■ Work order ■
Check every line below for the word "definition" and give only the number of lines where it appears.

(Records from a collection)
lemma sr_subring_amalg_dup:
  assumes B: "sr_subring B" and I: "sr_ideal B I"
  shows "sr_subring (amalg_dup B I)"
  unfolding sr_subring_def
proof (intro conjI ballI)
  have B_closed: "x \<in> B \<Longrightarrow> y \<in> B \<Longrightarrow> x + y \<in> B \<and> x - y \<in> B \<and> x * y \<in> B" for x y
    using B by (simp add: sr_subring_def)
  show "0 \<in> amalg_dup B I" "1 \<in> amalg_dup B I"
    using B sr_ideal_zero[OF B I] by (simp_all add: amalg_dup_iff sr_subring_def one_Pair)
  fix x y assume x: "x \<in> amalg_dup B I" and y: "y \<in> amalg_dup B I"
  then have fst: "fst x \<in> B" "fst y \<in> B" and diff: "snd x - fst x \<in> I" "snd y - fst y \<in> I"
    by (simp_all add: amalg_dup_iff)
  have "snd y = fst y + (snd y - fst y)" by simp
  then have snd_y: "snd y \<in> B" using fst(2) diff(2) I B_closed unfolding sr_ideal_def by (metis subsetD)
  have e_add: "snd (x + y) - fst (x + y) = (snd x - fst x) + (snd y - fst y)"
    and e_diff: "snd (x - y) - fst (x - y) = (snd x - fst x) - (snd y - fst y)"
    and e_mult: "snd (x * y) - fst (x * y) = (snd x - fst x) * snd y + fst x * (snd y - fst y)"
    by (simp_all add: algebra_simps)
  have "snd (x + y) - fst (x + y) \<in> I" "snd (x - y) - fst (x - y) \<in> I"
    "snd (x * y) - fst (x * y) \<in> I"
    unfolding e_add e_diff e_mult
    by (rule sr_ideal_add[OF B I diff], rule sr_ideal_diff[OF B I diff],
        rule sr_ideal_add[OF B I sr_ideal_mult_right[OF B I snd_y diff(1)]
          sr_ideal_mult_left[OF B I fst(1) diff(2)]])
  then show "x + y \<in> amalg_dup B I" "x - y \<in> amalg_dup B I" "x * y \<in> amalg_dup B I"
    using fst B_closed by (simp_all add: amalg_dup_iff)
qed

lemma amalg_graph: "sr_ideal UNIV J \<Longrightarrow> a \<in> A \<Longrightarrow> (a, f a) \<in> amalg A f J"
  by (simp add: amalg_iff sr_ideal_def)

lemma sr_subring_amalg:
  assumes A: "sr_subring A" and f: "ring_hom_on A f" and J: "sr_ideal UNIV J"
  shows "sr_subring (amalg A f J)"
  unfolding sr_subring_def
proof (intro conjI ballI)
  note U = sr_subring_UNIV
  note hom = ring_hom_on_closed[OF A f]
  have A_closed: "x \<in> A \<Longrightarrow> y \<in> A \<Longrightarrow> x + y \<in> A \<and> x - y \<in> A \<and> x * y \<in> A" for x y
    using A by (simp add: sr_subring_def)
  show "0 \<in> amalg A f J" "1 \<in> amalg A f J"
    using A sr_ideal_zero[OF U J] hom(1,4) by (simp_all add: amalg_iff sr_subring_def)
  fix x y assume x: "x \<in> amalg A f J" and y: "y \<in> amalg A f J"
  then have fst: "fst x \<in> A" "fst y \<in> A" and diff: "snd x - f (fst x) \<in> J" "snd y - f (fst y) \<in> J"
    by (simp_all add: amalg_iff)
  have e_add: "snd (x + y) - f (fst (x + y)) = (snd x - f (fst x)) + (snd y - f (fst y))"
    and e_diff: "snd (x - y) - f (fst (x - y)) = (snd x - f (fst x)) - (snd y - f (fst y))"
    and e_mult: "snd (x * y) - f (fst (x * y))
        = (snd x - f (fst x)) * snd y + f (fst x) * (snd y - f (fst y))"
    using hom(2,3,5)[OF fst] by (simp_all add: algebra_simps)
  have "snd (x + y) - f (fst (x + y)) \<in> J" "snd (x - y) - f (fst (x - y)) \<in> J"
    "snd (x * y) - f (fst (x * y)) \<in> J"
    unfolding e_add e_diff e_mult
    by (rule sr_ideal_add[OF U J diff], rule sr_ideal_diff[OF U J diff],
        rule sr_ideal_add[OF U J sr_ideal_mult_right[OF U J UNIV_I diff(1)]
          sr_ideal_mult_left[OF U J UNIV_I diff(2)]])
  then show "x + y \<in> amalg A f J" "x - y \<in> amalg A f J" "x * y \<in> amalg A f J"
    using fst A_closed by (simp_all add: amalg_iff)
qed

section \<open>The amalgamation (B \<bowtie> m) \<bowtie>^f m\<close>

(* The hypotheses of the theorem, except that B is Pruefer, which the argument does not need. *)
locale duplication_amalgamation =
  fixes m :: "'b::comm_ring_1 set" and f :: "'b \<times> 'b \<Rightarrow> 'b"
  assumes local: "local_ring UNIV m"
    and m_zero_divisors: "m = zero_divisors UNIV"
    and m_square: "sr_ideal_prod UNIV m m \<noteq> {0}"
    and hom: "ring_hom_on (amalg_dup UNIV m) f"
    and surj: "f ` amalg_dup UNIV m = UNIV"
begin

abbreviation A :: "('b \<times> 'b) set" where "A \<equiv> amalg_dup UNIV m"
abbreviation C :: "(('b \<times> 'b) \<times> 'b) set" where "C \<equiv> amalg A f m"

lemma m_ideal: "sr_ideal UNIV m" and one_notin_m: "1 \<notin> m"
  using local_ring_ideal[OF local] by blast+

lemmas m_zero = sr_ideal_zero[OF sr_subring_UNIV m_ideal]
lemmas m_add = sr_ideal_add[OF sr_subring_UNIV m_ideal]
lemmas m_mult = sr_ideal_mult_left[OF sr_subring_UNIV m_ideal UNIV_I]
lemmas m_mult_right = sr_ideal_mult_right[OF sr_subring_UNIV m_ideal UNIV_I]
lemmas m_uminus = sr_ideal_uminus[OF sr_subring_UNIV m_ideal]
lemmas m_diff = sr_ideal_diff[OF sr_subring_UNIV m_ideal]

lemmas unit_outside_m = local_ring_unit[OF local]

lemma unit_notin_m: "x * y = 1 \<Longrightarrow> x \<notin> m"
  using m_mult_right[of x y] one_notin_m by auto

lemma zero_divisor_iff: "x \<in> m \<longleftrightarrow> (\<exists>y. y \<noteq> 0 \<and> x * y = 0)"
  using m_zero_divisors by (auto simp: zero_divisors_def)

--

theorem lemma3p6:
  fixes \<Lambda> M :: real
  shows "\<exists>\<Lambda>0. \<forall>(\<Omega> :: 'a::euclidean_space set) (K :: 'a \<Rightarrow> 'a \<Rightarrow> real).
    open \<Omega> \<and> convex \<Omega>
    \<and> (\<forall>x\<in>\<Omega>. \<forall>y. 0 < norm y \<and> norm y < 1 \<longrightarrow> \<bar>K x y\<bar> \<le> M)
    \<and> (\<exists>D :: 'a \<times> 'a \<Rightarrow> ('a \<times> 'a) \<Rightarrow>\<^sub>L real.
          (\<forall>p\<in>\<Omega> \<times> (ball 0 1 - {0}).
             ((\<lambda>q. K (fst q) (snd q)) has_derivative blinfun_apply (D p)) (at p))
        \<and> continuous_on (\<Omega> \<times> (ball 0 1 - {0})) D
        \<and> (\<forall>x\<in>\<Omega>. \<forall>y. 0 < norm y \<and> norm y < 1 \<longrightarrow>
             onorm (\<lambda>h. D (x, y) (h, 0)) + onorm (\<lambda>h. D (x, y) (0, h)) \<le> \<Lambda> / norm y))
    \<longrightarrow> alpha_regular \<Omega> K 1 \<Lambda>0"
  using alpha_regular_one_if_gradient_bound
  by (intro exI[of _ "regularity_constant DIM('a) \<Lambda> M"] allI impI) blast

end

...

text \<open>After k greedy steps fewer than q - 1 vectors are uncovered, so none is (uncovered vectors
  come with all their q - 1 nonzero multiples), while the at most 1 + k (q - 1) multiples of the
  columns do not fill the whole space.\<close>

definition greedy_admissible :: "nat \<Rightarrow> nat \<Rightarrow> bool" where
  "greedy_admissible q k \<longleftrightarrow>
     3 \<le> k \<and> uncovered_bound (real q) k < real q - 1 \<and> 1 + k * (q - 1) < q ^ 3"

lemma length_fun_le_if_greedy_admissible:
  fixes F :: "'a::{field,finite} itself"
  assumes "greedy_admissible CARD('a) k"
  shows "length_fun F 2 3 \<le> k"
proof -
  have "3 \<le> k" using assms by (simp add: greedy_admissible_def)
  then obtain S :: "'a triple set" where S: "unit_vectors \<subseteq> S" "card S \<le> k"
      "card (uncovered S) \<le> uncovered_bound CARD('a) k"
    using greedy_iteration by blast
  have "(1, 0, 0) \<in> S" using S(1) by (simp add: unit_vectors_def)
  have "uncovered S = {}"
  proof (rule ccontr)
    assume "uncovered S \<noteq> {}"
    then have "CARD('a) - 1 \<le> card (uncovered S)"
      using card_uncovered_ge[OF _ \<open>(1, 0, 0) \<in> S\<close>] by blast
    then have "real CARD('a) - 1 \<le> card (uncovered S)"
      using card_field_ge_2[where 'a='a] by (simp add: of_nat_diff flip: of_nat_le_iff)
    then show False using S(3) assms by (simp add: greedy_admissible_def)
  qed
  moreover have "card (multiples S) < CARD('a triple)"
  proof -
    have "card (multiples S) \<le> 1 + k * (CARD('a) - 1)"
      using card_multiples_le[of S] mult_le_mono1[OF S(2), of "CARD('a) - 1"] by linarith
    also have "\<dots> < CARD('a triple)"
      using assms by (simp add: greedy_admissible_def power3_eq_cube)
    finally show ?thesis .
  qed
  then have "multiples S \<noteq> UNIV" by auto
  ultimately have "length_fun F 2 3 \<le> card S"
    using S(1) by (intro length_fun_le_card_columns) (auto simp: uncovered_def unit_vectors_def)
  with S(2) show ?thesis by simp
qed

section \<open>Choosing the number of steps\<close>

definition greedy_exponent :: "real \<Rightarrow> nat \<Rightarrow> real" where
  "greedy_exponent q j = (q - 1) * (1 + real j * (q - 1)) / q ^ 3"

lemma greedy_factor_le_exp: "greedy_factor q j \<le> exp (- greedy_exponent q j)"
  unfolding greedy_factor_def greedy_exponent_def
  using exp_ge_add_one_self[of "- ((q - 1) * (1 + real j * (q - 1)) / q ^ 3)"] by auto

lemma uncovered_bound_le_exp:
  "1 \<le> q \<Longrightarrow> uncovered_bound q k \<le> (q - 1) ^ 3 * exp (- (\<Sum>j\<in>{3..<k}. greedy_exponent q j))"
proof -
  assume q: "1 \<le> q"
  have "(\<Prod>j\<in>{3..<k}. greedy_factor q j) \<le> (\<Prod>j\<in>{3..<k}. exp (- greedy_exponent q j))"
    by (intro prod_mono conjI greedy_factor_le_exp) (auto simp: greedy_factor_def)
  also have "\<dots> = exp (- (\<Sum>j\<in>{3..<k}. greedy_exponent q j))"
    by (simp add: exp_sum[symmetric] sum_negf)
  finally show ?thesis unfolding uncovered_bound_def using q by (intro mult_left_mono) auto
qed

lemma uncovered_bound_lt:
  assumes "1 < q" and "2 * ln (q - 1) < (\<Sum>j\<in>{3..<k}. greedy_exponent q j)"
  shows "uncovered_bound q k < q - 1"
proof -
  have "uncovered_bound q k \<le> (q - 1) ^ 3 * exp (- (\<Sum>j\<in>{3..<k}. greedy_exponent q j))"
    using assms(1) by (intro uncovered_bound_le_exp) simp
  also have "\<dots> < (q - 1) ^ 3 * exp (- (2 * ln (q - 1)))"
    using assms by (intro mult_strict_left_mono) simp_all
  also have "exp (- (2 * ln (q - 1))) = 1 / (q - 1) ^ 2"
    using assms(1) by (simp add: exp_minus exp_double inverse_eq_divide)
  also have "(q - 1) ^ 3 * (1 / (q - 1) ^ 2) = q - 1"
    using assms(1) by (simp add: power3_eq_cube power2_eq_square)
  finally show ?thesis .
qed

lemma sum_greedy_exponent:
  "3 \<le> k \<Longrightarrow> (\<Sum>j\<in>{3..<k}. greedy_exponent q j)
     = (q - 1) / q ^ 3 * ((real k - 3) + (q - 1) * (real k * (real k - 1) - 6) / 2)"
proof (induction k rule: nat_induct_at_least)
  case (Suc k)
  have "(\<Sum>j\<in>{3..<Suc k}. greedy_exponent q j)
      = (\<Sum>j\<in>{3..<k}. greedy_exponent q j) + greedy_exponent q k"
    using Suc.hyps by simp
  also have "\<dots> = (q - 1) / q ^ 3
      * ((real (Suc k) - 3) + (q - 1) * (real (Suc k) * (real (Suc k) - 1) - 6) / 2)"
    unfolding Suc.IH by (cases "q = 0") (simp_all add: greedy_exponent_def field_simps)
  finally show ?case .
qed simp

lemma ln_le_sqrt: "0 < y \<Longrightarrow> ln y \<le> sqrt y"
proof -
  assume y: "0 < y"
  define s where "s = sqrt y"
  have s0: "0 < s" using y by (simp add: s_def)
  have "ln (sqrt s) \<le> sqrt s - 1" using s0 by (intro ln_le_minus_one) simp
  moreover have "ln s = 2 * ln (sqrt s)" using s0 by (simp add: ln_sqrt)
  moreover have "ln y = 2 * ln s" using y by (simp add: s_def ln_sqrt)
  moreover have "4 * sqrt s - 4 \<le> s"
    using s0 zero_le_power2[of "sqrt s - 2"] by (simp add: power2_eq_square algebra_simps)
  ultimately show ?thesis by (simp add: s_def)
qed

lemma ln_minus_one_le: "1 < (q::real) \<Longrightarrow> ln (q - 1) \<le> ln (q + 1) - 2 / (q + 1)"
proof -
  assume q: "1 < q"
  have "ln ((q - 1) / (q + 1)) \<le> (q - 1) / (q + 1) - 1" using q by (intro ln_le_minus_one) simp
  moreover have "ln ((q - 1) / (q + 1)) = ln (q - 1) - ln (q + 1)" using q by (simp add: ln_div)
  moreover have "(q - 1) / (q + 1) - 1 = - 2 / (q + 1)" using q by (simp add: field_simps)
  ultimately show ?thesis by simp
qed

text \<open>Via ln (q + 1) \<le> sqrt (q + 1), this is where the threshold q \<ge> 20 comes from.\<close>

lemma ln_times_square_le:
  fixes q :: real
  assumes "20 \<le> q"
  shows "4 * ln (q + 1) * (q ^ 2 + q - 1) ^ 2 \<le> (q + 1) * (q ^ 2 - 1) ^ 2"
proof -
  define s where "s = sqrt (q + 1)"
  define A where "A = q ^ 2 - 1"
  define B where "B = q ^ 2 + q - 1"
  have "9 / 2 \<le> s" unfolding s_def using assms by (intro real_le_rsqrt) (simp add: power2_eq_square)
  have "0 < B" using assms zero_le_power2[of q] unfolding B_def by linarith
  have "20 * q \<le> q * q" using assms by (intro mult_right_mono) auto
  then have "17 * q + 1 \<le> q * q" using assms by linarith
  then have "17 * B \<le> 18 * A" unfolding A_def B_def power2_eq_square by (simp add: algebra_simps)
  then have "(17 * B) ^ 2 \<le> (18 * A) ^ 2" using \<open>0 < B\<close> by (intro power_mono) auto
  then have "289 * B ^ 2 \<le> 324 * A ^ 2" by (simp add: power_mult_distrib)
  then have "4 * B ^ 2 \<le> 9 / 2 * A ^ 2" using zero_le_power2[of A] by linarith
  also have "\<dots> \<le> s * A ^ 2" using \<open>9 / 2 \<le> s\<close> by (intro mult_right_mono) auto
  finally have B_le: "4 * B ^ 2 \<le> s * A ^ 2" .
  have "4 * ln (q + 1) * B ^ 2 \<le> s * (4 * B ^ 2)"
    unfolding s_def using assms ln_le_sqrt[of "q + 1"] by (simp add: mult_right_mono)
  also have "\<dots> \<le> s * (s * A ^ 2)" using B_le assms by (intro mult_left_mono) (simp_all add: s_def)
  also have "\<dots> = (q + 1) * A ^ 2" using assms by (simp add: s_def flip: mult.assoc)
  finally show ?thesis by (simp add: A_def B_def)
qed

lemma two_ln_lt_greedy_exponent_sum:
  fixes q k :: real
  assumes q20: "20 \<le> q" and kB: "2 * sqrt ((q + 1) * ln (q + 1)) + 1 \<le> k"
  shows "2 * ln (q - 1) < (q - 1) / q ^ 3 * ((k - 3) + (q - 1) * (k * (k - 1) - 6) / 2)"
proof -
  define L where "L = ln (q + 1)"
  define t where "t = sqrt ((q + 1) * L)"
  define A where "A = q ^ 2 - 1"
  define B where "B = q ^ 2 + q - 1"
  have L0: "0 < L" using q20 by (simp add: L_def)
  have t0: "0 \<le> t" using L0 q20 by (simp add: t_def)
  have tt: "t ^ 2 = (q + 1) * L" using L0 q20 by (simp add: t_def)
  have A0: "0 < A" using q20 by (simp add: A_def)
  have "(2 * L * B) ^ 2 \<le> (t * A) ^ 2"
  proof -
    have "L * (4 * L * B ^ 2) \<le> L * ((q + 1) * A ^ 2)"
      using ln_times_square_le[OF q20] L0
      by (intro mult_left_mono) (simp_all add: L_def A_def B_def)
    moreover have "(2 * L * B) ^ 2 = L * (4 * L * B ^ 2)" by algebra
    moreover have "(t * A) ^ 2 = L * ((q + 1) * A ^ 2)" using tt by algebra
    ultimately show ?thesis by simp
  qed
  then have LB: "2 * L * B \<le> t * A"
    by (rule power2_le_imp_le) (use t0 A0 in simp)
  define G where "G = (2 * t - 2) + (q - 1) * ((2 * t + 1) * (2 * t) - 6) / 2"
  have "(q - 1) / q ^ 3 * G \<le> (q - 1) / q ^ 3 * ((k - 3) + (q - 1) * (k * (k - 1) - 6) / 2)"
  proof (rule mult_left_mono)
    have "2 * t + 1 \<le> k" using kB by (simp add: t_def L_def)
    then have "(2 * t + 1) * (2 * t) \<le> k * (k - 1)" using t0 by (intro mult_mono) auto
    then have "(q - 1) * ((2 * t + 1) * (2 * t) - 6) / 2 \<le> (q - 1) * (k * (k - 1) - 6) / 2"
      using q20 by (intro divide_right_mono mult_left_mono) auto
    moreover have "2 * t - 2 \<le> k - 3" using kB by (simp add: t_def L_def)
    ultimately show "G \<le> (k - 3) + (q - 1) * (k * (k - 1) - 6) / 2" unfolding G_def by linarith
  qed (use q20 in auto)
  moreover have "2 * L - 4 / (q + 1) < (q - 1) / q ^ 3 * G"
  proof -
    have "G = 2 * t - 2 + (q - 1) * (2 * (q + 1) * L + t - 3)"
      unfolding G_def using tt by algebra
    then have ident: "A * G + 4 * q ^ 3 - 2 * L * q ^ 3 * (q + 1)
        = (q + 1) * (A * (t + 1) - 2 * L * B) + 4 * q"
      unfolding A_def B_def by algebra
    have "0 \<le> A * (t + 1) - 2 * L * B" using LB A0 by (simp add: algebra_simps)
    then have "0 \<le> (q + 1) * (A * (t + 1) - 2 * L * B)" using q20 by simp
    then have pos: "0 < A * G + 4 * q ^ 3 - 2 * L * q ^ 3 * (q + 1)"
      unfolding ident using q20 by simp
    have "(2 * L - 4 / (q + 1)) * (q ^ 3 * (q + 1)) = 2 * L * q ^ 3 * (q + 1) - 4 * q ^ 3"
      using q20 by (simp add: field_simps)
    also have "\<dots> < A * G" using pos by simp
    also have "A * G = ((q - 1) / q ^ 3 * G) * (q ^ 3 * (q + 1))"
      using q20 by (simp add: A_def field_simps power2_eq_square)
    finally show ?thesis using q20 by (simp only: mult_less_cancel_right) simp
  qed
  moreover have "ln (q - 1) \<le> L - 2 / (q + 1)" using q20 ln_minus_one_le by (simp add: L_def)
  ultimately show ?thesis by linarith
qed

■ Output ■
2